Honda says its hydrogen-powered FCX concept car "is about showing fuel cells in something that doesn't look like a milk float".
The low and lean FCX - a pared-down, sedan development of the people-mover Odyssey - is the carmaker's latest fuel-cell study.
It introduces to future-fuel scenarios the Home Energy Station, a system that uses home-heating natural gas to power a hydrogen fuel-cell car.
Waste heat from the process can provide about 5kW of electricity, enough to warm the domestic water tank or power the beer fridge.
Ultimately, says Honda, the system could lower the cost of household electricity, natural gas and vehicle fuel by 50 per cent.
The FCX concept was shown at the Tokyo Motor Show and is a world away from the road-going FCX, a hatchback fuel-cell car that Honda is leasing on three-year agreements in California.
The hatchbacks use California's Hydrogen Highway refuelling stations, a state-wide infrastructure expected to be finished by 2010.
The hatchback FCX is certified by the United States Environmental Protection Agency (EPA) and California's Air Resources Board (Carb) as a Zero Emission Vehicle (Zev).
Honda says the FCX hatchback was the first fuel-cell vehicle to be listed in the EPA's fuel economy guide.

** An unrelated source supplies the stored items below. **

lemma inf_along_greatest:
  "(\<And>t. 0 \<le> t \<Longrightarrow> m \<le> q (x + t *\<^sub>R a) - t * q a) \<Longrightarrow> m \<le> inf_along q a x"
  unfolding inf_along_def by (rule cInf_greatest) auto

lemma inf_along_le_self: "sublinear q \<Longrightarrow> inf_along q a x \<le> q x"
  using inf_along_le[of q 0 a x] by simp

lemma sublinear_inf_along:
  assumes q: "sublinear q"
  shows "sublinear (inf_along q a)"
proof (rule sublinearI)
  fix x y
  have "inf_along q a (x + y) - (q (y + t *\<^sub>R a) - t * q a) \<le> inf_along q a x" if "0 \<le> t" for t
  proof (rule inf_along_greatest)
    fix s :: real assume "0 \<le> s"
    have "inf_along q a (x + y) \<le> q (x + y + (s + t) *\<^sub>R a) - (s + t) * q a"
      using inf_along_le[OF q, of "s + t"] \<open>0 \<le> s\<close> \<open>0 \<le> t\<close> by simp
    also have "q (x + y + (s + t) *\<^sub>R a) \<le> q (x + s *\<^sub>R a) + q (y + t *\<^sub>R a)"
      using sublinear_add[OF q, of "x + s *\<^sub>R a" "y + t *\<^sub>R a"] by (simp add: algebra_simps)
    finally show "inf_along q a (x + y) - (q (y + t *\<^sub>R a) - t * q a)
        \<le> q (x + s *\<^sub>R a) - s * q a"
      by (simp add: algebra_simps)
  qed
  then have "inf_along q a (x + y) - inf_along q a x \<le> inf_along q a y"
    by (intro inf_along_greatest) (simp add: algebra_simps)
  then show "inf_along q a (x + y) \<le> inf_along q a x + inf_along q a y" by simp
next
  fix r :: real and x assume "0 < r"
  have "inf_along q a (r *\<^sub>R x) / r \<le> inf_along q a x"
  proof (rule inf_along_greatest)
    fix s :: real assume "0 \<le> s"
    have "inf_along q a (r *\<^sub>R x) \<le> q (r *\<^sub>R x + (r * s) *\<^sub>R a) - (r * s) * q a"
      using inf_along_le[OF q, of "r * s"] \<open>0 < r\<close> \<open>0 \<le> s\<close> by simp
    also have "q (r *\<^sub>R x + (r * s) *\<^sub>R a) = r * q (x + s *\<^sub>R a)"
      using sublinear_scaleR[OF q, of r "x + s *\<^sub>R a"] \<open>0 < r\<close> by (simp add: scaleR_add_right)
    finally show "inf_along q a (r *\<^sub>R x) / r \<le> q (x + s *\<^sub>R a) - s * q a"
      using \<open>0 < r\<close> by (simp add: field_simps)
  qed
  then show "inf_along q a (r *\<^sub>R x) \<le> r * inf_along q a x"
    using \<open>0 < r\<close> by (simp add: field_simps)
qed

lemma sublinear_chain_Inf:
  fixes C :: "('v::real_vector \<Rightarrow> real) set"
  assumes "C \<noteq> {}" and sub: "\<And>q. q \<in> C \<Longrightarrow> sublinear q \<and> q \<le> p"
    and chain: "\<And>q q'. q \<in> C \<Longrightarrow> q' \<in> C \<Longrightarrow> q \<le> q' \<or> q' \<le> q"
  shows "sublinear (\<lambda>x. INF q\<in>C. q x)" and "q \<in> C \<Longrightarrow> (\<lambda>x. INF q\<in>C. q x) \<le> q"
proof -
  let ?u = "\<lambda>x. INF q\<in>C. q x"
  have lower: "?u x \<le> q x" if "q \<in> C" for q x
  proof (rule cInf_lower)
    show "bdd_below ((\<lambda>q. q x) ` C)"
    proof (rule bdd_belowI2)
      fix q assume "q \<in> C"
      then have "- q (- x) \<le> q x" "q (- x) \<le> p (- x)"
        using sub[of q] sublinear_minus_le by (auto simp: le_fun_def)
      then show "- p (- x) \<le> q x" by linarith
    qed
  qed (use that in simp)
  have greatest: "m \<le> ?u x" if "\<And>q. q \<in> C \<Longrightarrow> m \<le> q x" for m x
    using \<open>C \<noteq> {}\<close> that by (intro cInf_greatest) auto
  show "q \<in> C \<Longrightarrow> ?u \<le> q" by (simp add: le_fun_def lower)
  show "sublinear ?u"
  proof (rule sublinearI)
    fix x y
    have "?u (x + y) - q' y \<le> q x" if qC: "q \<in> C" "q' \<in> C" for q q'
    proof -
      obtain q'' where "q'' \<in> C" "q'' \<le> q" "q'' \<le> q'"
        using chain[OF qC] qC by (metis order_refl)
      then have "?u (x + y) \<le> q'' x + q'' y"
        using lower[of q'' "x + y"] sublinear_add[of q'' x y] sub by fastforce
      moreover have "q'' x \<le> q x" "q'' y \<le> q' y"
        using \<open>q'' \<le> q\<close> \<open>q'' \<le> q'\<close> by (simp_all add: le_fun_def)
      ultimately show ?thesis by linarith
    qed
    then have "?u (x + y) - q' y \<le> ?u x" if "q' \<in> C" for q'
      using that by (intro greatest)
    then have "?u (x + y) - ?u x \<le> ?u y"
      by (intro greatest) (simp add: algebra_simps)
    then show "?u (x + y) \<le> ?u x + ?u y" by simp
  next
    fix r :: real and x assume "0 < r"
    have "?u (r *\<^sub>R x) / r \<le> ?u x"
    proof (rule greatest)
      fix q assume "q \<in> C"
      then have "?u (r *\<^sub>R x) \<le> r * q x"
        using lower[of q "r *\<^sub>R x"] sub sublinear_scaleR[of q r x] \<open>0 < r\<close> by simp
      then show "?u (r *\<^sub>R x) / r \<le> q x" using \<open>0 < r\<close> by (simp add: field_simps)
    qed
    then show "?u (r *\<^sub>R x) \<le> r * ?u x" using \<open>0 < r\<close> by (simp add: field_simps)
  qed
qed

It carries a fuel economy rating of around 3.7 litres/100km, or around 60mpg, and a range of 300km. It remains efficient at temperatures as low as minus 4C.
The FCX concept comes when about 65 per cent of Americans believe the US Government should make a major funding commitment to transform the automotive industry from a petrol- and diesel-based system to a hydrogen-based system.
Fifty-nine per cent identified hydrogen-powered vehicles as those with the best chance for long-term success, compared with 23 per cent for hybrids and 18 per cent for traditional petrol-powered engines.
The poll revealed that there was a major gap between public perceptions of the efforts of America's big three carmakers to develop energy-efficient vehicles and their record and accomplishments in this area.
GM and Ford were named most often as the carmakers doing the worst job developing energy-efficient vehicles, while Honda and Toyota were seen as doing the best job.
Honda and Toyota have been selling fuel-saving petrol-electric hybrids in the US for about five years, while Detroit's carmakers began only last year, when Ford sold its first Escape hybrid SUV.
For the FCX Tokyo show car, Honda halved the size of the fuel-cell stack and doubled the hydrogen stored in on-board tanks, which gives the FCX a range of 560km on 5kg of hydrogen. The hydrogen is stored at pressures of around 5000psi.
Honda says the smaller fuel-cell stack is easier and cheaper to make and reduces the number of necessary components by 50 per cent. It also provides improved cold weather performance, vital to the success of the fuel-cell.
Fuel cells are seen as a green alternative to the internal combustion engine.
They create electricity by passing hydrogen through a membrane, a thin sheet of special plastic.
When hydrogen passes through it, electrons are stripped off, generating electricity.
A separator divides the serially connected membranes, acting as a pathway for the electrons.
Water is the only emission if pure hydrogen is the fuel. But cold temperatures make fuel cells difficult to start. Cold reduces efficiency and may freeze a fuel cell.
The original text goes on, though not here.